■ Stored items

= = = = = = =

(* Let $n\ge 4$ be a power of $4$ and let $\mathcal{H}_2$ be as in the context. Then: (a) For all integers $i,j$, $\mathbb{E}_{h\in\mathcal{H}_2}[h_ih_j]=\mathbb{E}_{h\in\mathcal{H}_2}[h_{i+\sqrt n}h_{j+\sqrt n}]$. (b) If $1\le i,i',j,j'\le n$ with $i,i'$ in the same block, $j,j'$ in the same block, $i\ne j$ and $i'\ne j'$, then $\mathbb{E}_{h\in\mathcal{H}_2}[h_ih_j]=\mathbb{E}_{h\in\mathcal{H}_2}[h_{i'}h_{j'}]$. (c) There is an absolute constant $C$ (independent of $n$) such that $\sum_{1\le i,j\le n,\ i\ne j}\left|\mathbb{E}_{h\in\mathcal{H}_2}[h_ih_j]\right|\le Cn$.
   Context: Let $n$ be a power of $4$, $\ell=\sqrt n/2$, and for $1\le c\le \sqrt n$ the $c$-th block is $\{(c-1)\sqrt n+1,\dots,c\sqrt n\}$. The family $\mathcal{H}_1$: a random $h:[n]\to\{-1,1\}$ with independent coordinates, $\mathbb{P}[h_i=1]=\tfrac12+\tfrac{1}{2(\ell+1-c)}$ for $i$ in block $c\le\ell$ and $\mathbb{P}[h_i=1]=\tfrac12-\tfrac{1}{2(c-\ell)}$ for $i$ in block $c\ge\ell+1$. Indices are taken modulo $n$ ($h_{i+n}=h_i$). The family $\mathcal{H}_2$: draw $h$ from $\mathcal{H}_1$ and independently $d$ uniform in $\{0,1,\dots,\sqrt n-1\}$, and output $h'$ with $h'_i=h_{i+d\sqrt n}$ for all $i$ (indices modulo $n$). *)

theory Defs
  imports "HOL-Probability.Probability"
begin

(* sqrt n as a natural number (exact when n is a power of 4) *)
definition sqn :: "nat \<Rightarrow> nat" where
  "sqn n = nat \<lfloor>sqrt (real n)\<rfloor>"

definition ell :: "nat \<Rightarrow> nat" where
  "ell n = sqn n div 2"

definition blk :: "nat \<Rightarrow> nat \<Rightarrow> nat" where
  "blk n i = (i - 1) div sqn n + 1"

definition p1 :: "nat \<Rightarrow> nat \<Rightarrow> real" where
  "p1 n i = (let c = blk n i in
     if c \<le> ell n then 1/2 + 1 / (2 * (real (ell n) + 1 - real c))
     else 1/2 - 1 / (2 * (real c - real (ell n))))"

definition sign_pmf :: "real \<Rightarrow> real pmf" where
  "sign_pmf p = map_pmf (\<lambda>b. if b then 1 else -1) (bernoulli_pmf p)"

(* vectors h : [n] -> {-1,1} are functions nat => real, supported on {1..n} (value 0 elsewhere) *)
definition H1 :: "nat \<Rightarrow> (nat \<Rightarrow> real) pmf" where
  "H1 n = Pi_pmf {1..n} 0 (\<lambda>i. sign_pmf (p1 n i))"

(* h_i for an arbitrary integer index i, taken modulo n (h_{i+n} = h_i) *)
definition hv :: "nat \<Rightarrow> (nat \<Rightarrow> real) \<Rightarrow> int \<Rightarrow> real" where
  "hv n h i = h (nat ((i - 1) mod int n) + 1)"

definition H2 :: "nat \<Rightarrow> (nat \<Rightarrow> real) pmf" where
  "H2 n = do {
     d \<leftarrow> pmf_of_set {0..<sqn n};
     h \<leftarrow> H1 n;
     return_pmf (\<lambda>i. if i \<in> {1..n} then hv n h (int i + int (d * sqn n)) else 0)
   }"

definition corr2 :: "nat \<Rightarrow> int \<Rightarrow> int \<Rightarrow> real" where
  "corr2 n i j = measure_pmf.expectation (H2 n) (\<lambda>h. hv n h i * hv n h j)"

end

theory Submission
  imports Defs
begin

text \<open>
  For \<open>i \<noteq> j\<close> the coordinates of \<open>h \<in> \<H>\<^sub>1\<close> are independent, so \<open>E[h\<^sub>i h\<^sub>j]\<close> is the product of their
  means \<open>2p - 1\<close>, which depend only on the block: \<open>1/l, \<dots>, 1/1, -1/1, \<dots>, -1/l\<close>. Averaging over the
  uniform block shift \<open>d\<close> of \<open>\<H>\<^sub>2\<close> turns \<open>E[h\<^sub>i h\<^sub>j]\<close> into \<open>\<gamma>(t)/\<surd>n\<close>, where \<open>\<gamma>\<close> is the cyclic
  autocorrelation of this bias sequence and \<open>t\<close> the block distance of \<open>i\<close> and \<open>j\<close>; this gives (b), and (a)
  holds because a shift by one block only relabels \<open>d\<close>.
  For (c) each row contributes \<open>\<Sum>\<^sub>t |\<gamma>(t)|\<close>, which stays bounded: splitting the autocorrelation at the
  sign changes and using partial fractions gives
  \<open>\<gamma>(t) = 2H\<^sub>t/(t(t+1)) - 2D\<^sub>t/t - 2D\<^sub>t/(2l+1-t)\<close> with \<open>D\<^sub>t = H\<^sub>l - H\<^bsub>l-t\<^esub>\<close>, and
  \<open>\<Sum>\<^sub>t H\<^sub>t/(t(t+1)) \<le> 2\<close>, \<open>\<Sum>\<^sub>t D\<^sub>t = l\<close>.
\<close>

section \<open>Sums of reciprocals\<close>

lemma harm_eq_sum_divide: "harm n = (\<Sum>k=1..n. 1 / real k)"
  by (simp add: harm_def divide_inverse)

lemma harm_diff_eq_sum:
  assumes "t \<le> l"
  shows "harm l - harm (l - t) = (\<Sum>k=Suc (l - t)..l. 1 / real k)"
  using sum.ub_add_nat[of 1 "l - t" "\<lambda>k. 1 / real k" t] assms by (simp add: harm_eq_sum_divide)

= = = = = = =

■ Task directions
Output exactly the lines from the one containing "by (simp add: harm_def divide_inverse)" through the last line of the entries, both ends included.

■ Written response
  by (simp add: harm_def divide_inverse)

lemma harm_diff_eq_sum:
  assumes "t \<le> l"
  shows "harm l - harm (l - t) = (\<Sum>k=Suc (l - t)..l. 1 / real k)"
  using sum.ub_add_nat[of 1 "l - t" "\<lambda>k. 1 / real k" t] assms by (simp add: harm_eq_sum_divide)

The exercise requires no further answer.